GET OVER IT
Nina Willdorf
Get Over It opens with a guy getting dumped on his soon-to-be-exposed
ass and a pirouetting UPS delivery woman jumping into the arms of dancing
garbagemen who are bounding to the poppy tunes of a gyrating Carmen Electra. It
gets better.
Trying to win back girlfriend Allison (Melissa Sagemiller), Berke (Ben Foster)
enlists the sexy Kelly (Kirsten Dunst) as his theater tutor. Allison has fallen
into the arms of Chook (Park Bench), a boy-band-member transfer student with
"an accent like Madonna," and the two plan on auditioning for the school play,
a bastardized musical version of A Midsummer Night's Dream.
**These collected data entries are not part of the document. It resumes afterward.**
lemma nn_integral_gw_branching:
  fixes h :: "'n sa \<Rightarrow> ennreal" and g :: "'n \<Rightarrow> 'n tree \<Rightarrow> ennreal"
  assumes prob_V: "prob_space V" and sets_V: "sets V = sets borel"
    and h: "h \<in> borel_measurable borel" and g: "\<And>j. g j \<in> borel_measurable tree_borel"
  shows "(\<integral>\<^sup>+\<omega>. h (\<omega> []) * (\<Prod>j\<in>UNIV. \<Prod>m<snd (\<omega> []) j. g j (subtree (j, m) \<omega>)) \<partial>gw_space V J)
       = (\<integral>\<^sup>+x. h x * (\<Prod>j\<in>UNIV. (\<integral>\<^sup>+\<omega>. g j \<omega> \<partial>gw_tree j) ^ snd x j) \<partial>V)"
proof -
  interpret T: prob_space subtrees by (rule prob_space_subtrees)
  define F where "F \<omega> = h (\<omega> []) * (\<Prod>j\<in>UNIV. \<Prod>m<snd (\<omega> []) j. g j (subtree (j, m) \<omega>))" for \<omega>
  have F: "F \<in> borel_measurable tree_borel"
    unfolding F_def by (rule borel_measurable_root_subtrees[OF h g])
  have graft: "graft \<in> measurable (V \<Otimes>\<^sub>M subtrees) (gw_space V J)"
    using measurable_graft[OF sets_V] sets_V by simp
  have "(\<integral>\<^sup>+\<omega>. F \<omega> \<partial>gw_space V J) = (\<integral>\<^sup>+z. F (graft z) \<partial>(V \<Otimes>\<^sub>M subtrees))"
    using F sets_V by (subst distr_graft_gw_space[OF prob_V sets_V, symmetric]) (simp add: nn_integral_distr[OF graft])
  also have "\<dots> = (\<integral>\<^sup>+x. \<integral>\<^sup>+\<tau>. F (graft (x, \<tau>)) \<partial>subtrees \<partial>V)"
    using measurable_compose[OF graft] F sets_V by (intro T.nn_integral_fst[symmetric]) simp
  also have "\<dots> = (\<integral>\<^sup>+x. h x * (\<Prod>j\<in>UNIV. (\<integral>\<^sup>+\<omega>. g j \<omega> \<partial>gw_tree j) ^ snd x j) \<partial>V)"
  proof (rule nn_integral_cong)
    fix x :: "'n sa"
    have comp: "(\<lambda>\<tau>. g j (\<tau> (j, m))) \<in> borel_measurable subtrees" for j m
    proof -
      have "g j \<in> borel_measurable (gw_tree j)"
        using g by simp
      then show ?thesis
        using measurable_compose[OF measurable_component_singleton[of "(j, m)" UNIV "\<lambda>p. gw_tree (fst p)", simplified]]
        by blast
    qed
    have "(\<lambda>\<tau>. \<Prod>j\<in>UNIV. \<Prod>m<snd x j. g j (\<tau> (j, m))) \<in> borel_measurable subtrees"
      by (intro borel_measurable_prod_ennreal comp)
    then have "(\<integral>\<^sup>+\<tau>. F (graft (x, \<tau>)) \<partial>subtrees) = h x * (\<integral>\<^sup>+\<tau>. (\<Prod>j\<in>UNIV. \<Prod>m<snd x j. g j (\<tau> (j, m))) \<partial>subtrees)"
      unfolding F_def by (simp add: nn_integral_cmult)
    then show "(\<integral>\<^sup>+\<tau>. F (graft (x, \<tau>)) \<partial>subtrees) = h x * (\<Prod>j\<in>UNIV. (\<integral>\<^sup>+\<omega>. g j \<omega> \<partial>gw_tree j) ^ snd x j)"
      by (simp add: nn_integral_subtrees_prod[OF g])
  qed
  finally show ?thesis
    by (simp add: F_def)
qed
lemma Fdelta_convolution_self_asymp:
  assumes "distribution_nonneg F" and "T > 0" and L: "L_Delta T F" and "c > 0"
    and dominated: "\<And>x t. x > x0 \<Longrightarrow> t \<in> {0<..x} \<Longrightarrow> c * Fdelta F T x \<le> Fdelta F T (x + t)"
  shows "(\<lambda>x. Fdelta (F \<star> F) T x) \<sim>[at_top] (\<lambda>x. 2 * Fdelta F T x)"
proof -
  have F: "real_distribution F"
    using assms(1) by (rule distribution_nonneg_real_distribution)
  have Fdelta_nonneg: "0 \<le> Fdelta F T x" for x
    by (simp add: Fdelta_def)
  have pos: "\<forall>\<^sub>F x in at_top. Fdelta F T x > 0"
    using L unfolding L_Delta_def by blast
  define rest where "rest x = Fdelta (F \<star> F) T x - 2 * conv_head F T x" for x
  have rest_nonneg: "0 \<le> rest x" and rest_le: "rest x \<le> Fdelta F T (x / 2)^2" for x
    using conv_head_remainder_bounds[OF F \<open>T > 0\<close>] unfolding rest_def by auto
  have "\<forall>\<^sub>F x in at_top. c * Fdelta F T (x / 2) \<le> Fdelta F T x"
    using eventually_gt_at_top[of "2 * max x0 0"]
  proof eventually_elim
    case (elim x)
    then show ?case
      using dominated[of "x/2" "x/2"] by simp
  qed
  then have half_square: "((\<lambda>x. Fdelta F T (x / 2)^2 / Fdelta F T x) \<longlongrightarrow> 0) at_top"
    by (rule tendsto_half_square_ratio_0[OF Fdelta_nonneg Fdelta_tendsto_0[OF F \<open>T > 0\<close>] \<open>c > 0\<close>])
  have rest_ratio: "((\<lambda>x. rest x / Fdelta F T x) \<longlongrightarrow> 0) at_top"
  proof (rule tendsto_sandwich[OF _ _ tendsto_const half_square])
    show "\<forall>\<^sub>F x in at_top. 0 \<le> rest x / Fdelta F T x"
      by (simp add: rest_nonneg Fdelta_nonneg)
    show "\<forall>\<^sub>F x in at_top. rest x / Fdelta F T x \<le> Fdelta F T (x / 2)^2 / Fdelta F T x"
      by (simp add: rest_le Fdelta_nonneg divide_right_mono)
  qed
  have head_ratio: "((\<lambda>x. conv_head F T x / Fdelta F T x) \<longlongrightarrow> 1) at_top"
    by (rule conv_head_ratio_tendsto_1[OF assms])
  have "((\<lambda>x. conv_head F T x / Fdelta F T x + rest x / Fdelta F T x / 2) \<longlongrightarrow> 1 + 0 / 2) at_top"
    by (intro tendsto_add tendsto_divide head_ratio rest_ratio tendsto_const) simp
  moreover have "\<forall>\<^sub>F x in at_top. conv_head F T x / Fdelta F T x + rest x / Fdelta F T x / 2 =
      Fdelta (F \<star> F) T x / (2 * Fdelta F T x)"
    using pos
  proof eventually_elim
    case (elim x)
    then show ?case
      by (simp add: rest_def field_simps)
  qed
  ultimately have "((\<lambda>x. Fdelta (F \<star> F) T x / (2 * Fdelta F T x)) \<longlongrightarrow> 1 + 0 / 2) at_top"
    by (rule Lim_transform_eventually)
  then show ?thesis
    by (intro asymp_equivI') simp
qed
(* Let $R\subset B$ be domains, $a_1,\ldots,a_s,b\in B\setminus\{0\}$ with $b$ not a unit of $B$, $R[y_1,\ldots,y_s]$ a polynomial ring, $\sigma:R[y_1,\ldots,y_s]\to B$ the $R$-algebra homomorphism with $\sigma(y_i)=a_i$, $\pi:B\to B/bB$ the natural surjection, $\bar\sigma:=\pi\circ\sigma$, and $A:=R[a_1,\ldots,a_s]$. If there exists $\mathcal S\subset R[y_1,\ldots,y_s]$ such that $\ker\bar\sigma$ is the ideal generated by $\mathcal S$ and $\sigma(\mathcal S)\subset bA[b]$, then $A[b^{\pm1}]\cap B=A[b]$ (intersection in $Q(B)$). If moreover $b\in A$, then $A[b^{-1}]\cap B=A$.
   Context: $Q(B)$ denotes the field of fractions of $B$. *)

theory Defs
  imports Main "HOL-Library.Poly_Mapping" "HOL-Computational_Algebra.Fraction_Field"
begin

text \<open>Multivariate polynomials over the ambient domain 'b, in variables y_0..y_{s-1},
  represented as finitely supported maps from monomials (exponent vectors) to coefficients.\<close>
type_synonym 'b mpoly = "(nat \<Rightarrow>\<^sub>0 nat) \<Rightarrow>\<^sub>0 'b"

definition is_subring :: "'b::comm_ring_1 set \<Rightarrow> bool" where
  "is_subring R \<longleftrightarrow> 0 \<in> R \<and> 1 \<in> R \<and> (\<forall>x\<in>R. \<forall>y\<in>R. x + y \<in> R \<and> x - y \<in> R \<and> x * y \<in> R)"

definition poly_ring :: "'b::comm_ring_1 set \<Rightarrow> nat \<Rightarrow> 'b mpoly set" where
  "poly_ring R s = {p. \<forall>m. Poly_Mapping.lookup p m \<in> R \<and> (Poly_Mapping.lookup p m \<noteq> 0 \<longrightarrow> Poly_Mapping.keys m \<subseteq> {..<s})}"

definition eval_mpoly :: "(nat \<Rightarrow> 'b::comm_ring_1) \<Rightarrow> 'b mpoly \<Rightarrow> 'b" where
  "eval_mpoly a p = (\<Sum>m\<in>Poly_Mapping.keys p. Poly_Mapping.lookup p m * (\<Prod>i\<in>Poly_Mapping.keys m. a i ^ Poly_Mapping.lookup m i))"

definition ideal_gen :: "'b::comm_ring_1 mpoly set \<Rightarrow> 'b mpoly set \<Rightarrow> 'b mpoly set" where
  "ideal_gen P S = {f. \<exists>n (q::nat \<Rightarrow> 'b mpoly) (g::nat \<Rightarrow> 'b mpoly).
      (\<forall>j<n. q j \<in> P \<and> g j \<in> S) \<and> f = (\<Sum>j<n. q j * g j)}"

definition alg_gen :: "'b::comm_ring_1 set \<Rightarrow> nat \<Rightarrow> (nat \<Rightarrow> 'b) \<Rightarrow> 'b set" where
  "alg_gen R s a = eval_mpoly a ` poly_ring R s"

definition adjoin :: "'b::comm_ring_1 set \<Rightarrow> 'b \<Rightarrow> 'b set" where
  "adjoin A b = {x. \<exists>n c. (\<forall>k\<le>n. c k \<in> A) \<and> x = (\<Sum>k\<le>n. c k * b ^ k)}"

definition localize :: "'b::idom set \<Rightarrow> 'b \<Rightarrow> 'b fract set" where
  "localize C b = {Fract x (b ^ n) | x n. x \<in> C}"

abbreviation emb :: "'b::idom \<Rightarrow> 'b fract" where
  "emb x \<equiv> Fract x 1"

end

theory Submission
  imports Defs "HOL-Computational_Algebra.Polynomial"
begin

(* Suppose b w lies in A[b] for some w in B. Split off the constant term: b w = c + b y with
   c in A and y in A[b]. Then b divides c = sigma r, so r lies in the kernel of sigma-bar, which
   is generated by S; as sigma maps S into b A[b] and A[b] is an A-module, c = b x with x in A[b].
   Cancelling b gives w = x + y in A[b]. Iterating, b^n w in A[b] forces w in A[b], and this is
   precisely the statement that an element of B lying in A[b, 1/b] already lies in A[b].
   If b is in A, then A[b] = A. *)

lemma is_subring_sum:
  assumes "is_subring A" and "\<And>j. j \<in> J \<Longrightarrow> f j \<in> A"
  shows "(\<Sum>j\<in>J. f j) \<in> A"
  using assms(2)
  by (induct J rule: infinite_finite_induct) (use assms(1) in \<open>auto simp: is_subring_def\<close>)

lemma is_subring_power: "is_subring A \<Longrightarrow> x \<in> A \<Longrightarrow> x ^ n \<in> A"
  by (induct n) (auto simp: is_subring_def)

lemma poly_mapping_add_single_induct [case_names zero add_single]:
  assumes "P 0"
    and "\<And>p m c. m \<notin> Poly_Mapping.keys p \<Longrightarrow> c \<noteq> 0 \<Longrightarrow> P p \<Longrightarrow> P (p + Poly_Mapping.single m c)"
  shows "P p"
proof (induct p rule: Poly_Mapping.update_induct)
  case const
  show ?case by (fact assms(1))
next
  case (update p m c)
  have "Poly_Mapping.update m c p = p + Poly_Mapping.single m c"
    using update(1)
    by (intro poly_mapping_eqI) (auto simp: lookup_update lookup_add lookup_single in_keys_iff when_def)
  with assms(2)[OF update] show ?case by simp
qed

definition eval_monom :: "(nat \<Rightarrow> 'b::comm_ring_1) \<Rightarrow> (nat \<Rightarrow>\<^sub>0 nat) \<Rightarrow> 'b" where
  "eval_monom a m = (\<Prod>i\<in>Poly_Mapping.keys m. a i ^ Poly_Mapping.lookup m i)"

lemma eval_monom_superset:
  "finite K \<Longrightarrow> Poly_Mapping.keys m \<subseteq> K \<Longrightarrow> eval_monom a m = (\<Prod>i\<in>K. a i ^ Poly_Mapping.lookup m i)"
  unfolding eval_monom_def by (rule prod.mono_neutral_left) (auto simp: in_keys_iff)

lemma eval_monom_zero [simp]: "eval_monom a 0 = 1"
  by (simp add: eval_monom_def)

lemma eval_monom_add: "eval_monom a (m + m') = eval_monom a m * eval_monom a m'"
proof -
  let ?K = "Poly_Mapping.keys m \<union> Poly_Mapping.keys m'"
  have "eval_monom a (m + m') = (\<Prod>i\<in>?K. a i ^ Poly_Mapping.lookup (m + m') i)"
    using keys_add[of m m'] by (intro eval_monom_superset) auto
  also have "\<dots> = (\<Prod>i\<in>?K. a i ^ Poly_Mapping.lookup m i) * (\<Prod>i\<in>?K. a i ^ Poly_Mapping.lookup m' i)"
    by (simp add: lookup_add power_add prod.distrib)
  also have "\<dots> = eval_monom a m * eval_monom a m'"
    by (simp add: eval_monom_superset[of ?K m] eval_monom_superset[of ?K m'])
  finally show ?thesis .
qed

lemma eval_mpoly_superset:
  "finite K \<Longrightarrow> Poly_Mapping.keys p \<subseteq> K \<Longrightarrow>
    eval_mpoly a p = (\<Sum>m\<in>K. Poly_Mapping.lookup p m * eval_monom a m)"
  unfolding eval_mpoly_def eval_monom_def[symmetric]
  by (rule sum.mono_neutral_left) (auto simp: in_keys_iff)

lemma eval_mpoly_zero [simp]: "eval_mpoly a 0 = 0"
  by (simp add: eval_mpoly_def)

lemma eval_mpoly_single: "eval_mpoly a (Poly_Mapping.single m c) = c * eval_monom a m"
  by (subst eval_mpoly_superset[of "{m}"]) auto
As soon as
Berke stops tripping over himself to win back his woman, he sees Kelly as a
hottie rather than his best friend's snot-nosed little sister, and he succumbs
to her alternately sunny and sultry wiles.
Director Tommy O'Haver (Billy's Hollywood Screen Kiss) errs with cheesy dream
sequences and schmaltzy numbers (think stardust and predictable chord changes).
But Martin Short's ridiculous rendition of the fey has-been theater coach
steals the show. This latest addition to the typical trash heap of teen
romantic comedies is, in fact, hard to get over.